| HOW TO COMPLETE THIS TASK |
Lines containing the word "coord" are to be copied from the data below.

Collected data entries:
#####

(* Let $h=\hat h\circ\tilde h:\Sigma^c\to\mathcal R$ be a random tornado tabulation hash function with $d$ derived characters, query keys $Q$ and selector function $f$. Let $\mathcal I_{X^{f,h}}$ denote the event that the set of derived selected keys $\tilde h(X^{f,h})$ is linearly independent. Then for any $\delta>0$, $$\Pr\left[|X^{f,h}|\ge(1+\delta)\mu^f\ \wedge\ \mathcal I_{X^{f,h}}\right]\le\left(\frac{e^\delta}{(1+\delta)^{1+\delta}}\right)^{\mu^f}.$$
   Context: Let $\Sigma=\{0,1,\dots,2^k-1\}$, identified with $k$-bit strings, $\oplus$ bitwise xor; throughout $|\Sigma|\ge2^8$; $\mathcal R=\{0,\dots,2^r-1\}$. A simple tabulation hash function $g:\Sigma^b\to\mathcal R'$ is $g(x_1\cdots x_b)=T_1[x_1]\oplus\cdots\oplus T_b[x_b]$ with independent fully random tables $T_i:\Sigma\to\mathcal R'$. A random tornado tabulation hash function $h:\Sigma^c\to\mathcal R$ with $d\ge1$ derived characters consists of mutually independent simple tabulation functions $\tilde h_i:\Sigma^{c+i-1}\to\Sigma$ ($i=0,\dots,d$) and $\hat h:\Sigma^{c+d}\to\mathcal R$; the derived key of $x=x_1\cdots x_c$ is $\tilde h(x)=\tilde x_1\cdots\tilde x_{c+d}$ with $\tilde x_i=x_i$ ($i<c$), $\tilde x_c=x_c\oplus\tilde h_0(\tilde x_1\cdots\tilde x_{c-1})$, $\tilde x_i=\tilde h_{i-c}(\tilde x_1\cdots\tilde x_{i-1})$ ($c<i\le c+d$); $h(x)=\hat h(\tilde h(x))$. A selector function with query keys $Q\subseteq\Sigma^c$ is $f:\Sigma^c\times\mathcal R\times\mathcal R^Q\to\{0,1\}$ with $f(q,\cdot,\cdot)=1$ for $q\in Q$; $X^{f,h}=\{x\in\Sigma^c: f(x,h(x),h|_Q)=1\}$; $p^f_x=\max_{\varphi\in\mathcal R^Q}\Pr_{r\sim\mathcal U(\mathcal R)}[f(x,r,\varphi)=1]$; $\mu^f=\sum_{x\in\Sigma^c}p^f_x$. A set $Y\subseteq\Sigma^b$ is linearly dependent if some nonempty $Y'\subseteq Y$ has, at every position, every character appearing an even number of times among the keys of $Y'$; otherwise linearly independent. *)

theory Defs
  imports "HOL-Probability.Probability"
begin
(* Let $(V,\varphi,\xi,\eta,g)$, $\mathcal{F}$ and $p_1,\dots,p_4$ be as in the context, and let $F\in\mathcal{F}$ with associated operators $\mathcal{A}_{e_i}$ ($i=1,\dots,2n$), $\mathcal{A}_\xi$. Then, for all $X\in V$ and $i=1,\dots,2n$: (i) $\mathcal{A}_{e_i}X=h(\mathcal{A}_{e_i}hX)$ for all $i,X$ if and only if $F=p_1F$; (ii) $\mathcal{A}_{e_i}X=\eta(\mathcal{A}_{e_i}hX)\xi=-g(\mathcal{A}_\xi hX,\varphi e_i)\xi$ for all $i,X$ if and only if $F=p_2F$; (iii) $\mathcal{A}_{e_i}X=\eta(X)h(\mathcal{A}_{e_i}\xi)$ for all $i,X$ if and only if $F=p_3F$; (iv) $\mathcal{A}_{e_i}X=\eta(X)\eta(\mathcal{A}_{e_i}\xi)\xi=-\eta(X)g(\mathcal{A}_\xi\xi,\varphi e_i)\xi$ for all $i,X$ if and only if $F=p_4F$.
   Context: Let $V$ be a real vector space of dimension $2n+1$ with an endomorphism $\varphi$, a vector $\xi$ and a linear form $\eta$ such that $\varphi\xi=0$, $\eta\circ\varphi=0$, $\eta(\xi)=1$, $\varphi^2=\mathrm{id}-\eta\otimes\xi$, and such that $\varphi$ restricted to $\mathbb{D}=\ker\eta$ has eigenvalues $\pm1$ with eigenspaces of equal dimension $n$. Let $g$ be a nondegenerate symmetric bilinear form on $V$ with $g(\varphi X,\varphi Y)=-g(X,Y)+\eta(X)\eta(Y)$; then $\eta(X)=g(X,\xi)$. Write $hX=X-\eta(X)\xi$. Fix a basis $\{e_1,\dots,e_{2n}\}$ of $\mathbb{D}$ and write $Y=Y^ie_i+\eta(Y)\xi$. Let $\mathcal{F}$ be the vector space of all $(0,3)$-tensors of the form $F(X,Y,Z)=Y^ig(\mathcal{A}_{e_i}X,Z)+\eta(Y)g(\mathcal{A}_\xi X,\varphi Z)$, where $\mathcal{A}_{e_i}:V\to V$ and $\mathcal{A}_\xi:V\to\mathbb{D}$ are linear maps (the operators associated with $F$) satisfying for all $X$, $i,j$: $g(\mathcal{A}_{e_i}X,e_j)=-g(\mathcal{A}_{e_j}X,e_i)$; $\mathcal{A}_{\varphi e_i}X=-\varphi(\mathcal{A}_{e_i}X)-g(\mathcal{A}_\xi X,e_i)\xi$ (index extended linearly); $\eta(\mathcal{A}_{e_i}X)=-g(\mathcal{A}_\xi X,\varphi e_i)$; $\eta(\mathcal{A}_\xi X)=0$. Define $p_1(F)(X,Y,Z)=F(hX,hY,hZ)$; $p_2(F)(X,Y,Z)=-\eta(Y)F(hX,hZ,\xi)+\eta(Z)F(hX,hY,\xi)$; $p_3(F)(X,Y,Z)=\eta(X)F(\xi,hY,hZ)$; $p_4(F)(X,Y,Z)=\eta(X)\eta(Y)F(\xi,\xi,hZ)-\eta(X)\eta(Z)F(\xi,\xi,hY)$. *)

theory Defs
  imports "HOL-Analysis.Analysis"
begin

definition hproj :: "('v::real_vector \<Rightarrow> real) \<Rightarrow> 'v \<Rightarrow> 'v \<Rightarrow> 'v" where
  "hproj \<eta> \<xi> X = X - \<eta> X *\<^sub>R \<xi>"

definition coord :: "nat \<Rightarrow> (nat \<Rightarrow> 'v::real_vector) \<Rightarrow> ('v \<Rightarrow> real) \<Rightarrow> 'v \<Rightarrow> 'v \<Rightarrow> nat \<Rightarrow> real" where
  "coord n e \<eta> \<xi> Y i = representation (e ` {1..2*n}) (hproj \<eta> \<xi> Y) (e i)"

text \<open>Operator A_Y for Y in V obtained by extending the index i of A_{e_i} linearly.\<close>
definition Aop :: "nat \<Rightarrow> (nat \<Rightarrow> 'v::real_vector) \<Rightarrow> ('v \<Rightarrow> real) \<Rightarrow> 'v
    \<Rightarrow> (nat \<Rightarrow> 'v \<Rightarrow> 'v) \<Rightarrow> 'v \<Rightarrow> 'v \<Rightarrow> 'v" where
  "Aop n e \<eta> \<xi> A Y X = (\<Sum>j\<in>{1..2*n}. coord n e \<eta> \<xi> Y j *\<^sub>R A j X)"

#####

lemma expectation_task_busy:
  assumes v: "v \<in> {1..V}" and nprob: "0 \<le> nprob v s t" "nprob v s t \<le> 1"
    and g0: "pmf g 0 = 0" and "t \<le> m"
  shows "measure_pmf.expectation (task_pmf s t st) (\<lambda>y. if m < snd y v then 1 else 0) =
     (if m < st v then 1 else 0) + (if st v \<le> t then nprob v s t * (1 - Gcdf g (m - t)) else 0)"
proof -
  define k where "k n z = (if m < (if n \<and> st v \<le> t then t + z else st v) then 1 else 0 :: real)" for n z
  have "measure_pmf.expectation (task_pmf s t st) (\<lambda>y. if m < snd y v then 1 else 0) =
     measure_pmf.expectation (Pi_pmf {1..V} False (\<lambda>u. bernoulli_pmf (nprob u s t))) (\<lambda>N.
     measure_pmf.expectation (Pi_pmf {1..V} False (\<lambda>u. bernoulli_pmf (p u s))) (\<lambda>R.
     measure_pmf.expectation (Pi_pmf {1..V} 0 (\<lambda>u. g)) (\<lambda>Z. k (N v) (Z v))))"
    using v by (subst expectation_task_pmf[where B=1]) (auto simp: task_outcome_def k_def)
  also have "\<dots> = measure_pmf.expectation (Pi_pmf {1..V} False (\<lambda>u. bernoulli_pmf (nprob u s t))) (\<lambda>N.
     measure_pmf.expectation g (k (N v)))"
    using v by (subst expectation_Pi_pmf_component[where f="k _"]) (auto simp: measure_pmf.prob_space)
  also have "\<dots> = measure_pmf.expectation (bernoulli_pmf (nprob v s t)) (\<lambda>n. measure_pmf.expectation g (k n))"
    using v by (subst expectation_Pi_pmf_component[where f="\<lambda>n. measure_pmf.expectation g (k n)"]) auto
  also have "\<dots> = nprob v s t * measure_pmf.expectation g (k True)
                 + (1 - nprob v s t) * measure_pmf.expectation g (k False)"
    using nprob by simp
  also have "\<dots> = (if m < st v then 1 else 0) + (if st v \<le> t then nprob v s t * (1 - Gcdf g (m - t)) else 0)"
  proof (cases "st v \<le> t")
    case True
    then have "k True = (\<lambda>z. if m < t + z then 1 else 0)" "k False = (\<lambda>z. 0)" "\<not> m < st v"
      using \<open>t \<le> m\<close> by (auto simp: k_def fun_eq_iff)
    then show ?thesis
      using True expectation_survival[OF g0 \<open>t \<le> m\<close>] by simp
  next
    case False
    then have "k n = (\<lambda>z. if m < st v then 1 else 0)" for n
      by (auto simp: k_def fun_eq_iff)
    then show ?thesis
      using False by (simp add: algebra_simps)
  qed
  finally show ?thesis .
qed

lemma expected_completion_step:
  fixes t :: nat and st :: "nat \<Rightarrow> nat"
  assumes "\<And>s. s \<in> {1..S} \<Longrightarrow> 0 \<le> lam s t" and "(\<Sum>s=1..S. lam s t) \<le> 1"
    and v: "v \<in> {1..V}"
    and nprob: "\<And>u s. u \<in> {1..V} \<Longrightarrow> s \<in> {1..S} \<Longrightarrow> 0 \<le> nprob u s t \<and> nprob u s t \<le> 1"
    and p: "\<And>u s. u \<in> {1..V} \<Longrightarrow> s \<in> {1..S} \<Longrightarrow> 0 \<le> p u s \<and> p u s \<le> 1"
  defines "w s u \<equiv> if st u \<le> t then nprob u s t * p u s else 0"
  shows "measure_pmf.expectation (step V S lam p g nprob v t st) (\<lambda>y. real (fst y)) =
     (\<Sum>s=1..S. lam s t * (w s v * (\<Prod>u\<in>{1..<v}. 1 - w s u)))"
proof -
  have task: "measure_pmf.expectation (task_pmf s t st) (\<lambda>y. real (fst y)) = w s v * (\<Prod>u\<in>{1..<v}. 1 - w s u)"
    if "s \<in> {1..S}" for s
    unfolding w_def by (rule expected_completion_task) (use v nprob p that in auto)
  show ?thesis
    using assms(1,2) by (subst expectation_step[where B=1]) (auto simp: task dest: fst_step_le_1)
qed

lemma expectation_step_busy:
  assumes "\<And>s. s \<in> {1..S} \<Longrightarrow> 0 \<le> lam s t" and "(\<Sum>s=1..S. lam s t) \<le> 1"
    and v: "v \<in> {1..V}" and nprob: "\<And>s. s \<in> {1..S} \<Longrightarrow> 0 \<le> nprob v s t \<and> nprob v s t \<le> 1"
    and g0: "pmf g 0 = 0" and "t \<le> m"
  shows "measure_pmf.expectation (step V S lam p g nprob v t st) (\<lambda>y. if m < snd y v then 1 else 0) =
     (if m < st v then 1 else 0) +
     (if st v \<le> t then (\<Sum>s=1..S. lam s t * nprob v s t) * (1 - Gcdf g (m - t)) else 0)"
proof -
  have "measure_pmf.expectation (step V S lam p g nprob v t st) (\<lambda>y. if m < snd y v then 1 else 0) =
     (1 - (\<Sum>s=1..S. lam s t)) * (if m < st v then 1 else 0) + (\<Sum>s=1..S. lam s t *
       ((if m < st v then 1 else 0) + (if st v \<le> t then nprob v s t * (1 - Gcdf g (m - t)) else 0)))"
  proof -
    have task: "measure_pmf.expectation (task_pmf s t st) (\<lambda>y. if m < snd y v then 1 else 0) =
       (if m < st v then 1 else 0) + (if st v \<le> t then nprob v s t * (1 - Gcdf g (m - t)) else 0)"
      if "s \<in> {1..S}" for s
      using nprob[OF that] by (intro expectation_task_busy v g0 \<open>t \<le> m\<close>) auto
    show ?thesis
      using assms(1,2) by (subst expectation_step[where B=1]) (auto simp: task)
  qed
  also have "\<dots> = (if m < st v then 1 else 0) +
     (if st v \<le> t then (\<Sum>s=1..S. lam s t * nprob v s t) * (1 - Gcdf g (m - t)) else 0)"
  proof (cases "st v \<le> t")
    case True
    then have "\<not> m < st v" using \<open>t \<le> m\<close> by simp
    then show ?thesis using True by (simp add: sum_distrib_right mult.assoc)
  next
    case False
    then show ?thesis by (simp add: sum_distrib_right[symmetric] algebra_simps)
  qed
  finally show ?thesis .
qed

#####

| THE COMPLETED TASK |
definition coord :: "nat \<Rightarrow> (nat \<Rightarrow> 'v::real_vector) \<Rightarrow> ('v \<Rightarrow> real) \<Rightarrow> 'v \<Rightarrow> 'v \<Rightarrow> nat \<Rightarrow> real" where
  "coord n e \<eta> \<xi> Y i = representation (e ` {1..2*n}) (hproj \<eta> \<xi> Y) (e i)"
  "Aop n e \<eta> \<xi> A Y X = (\<Sum>j\<in>{1..2*n}. coord n e \<eta> \<xi> Y j *\<^sub>R A j X)"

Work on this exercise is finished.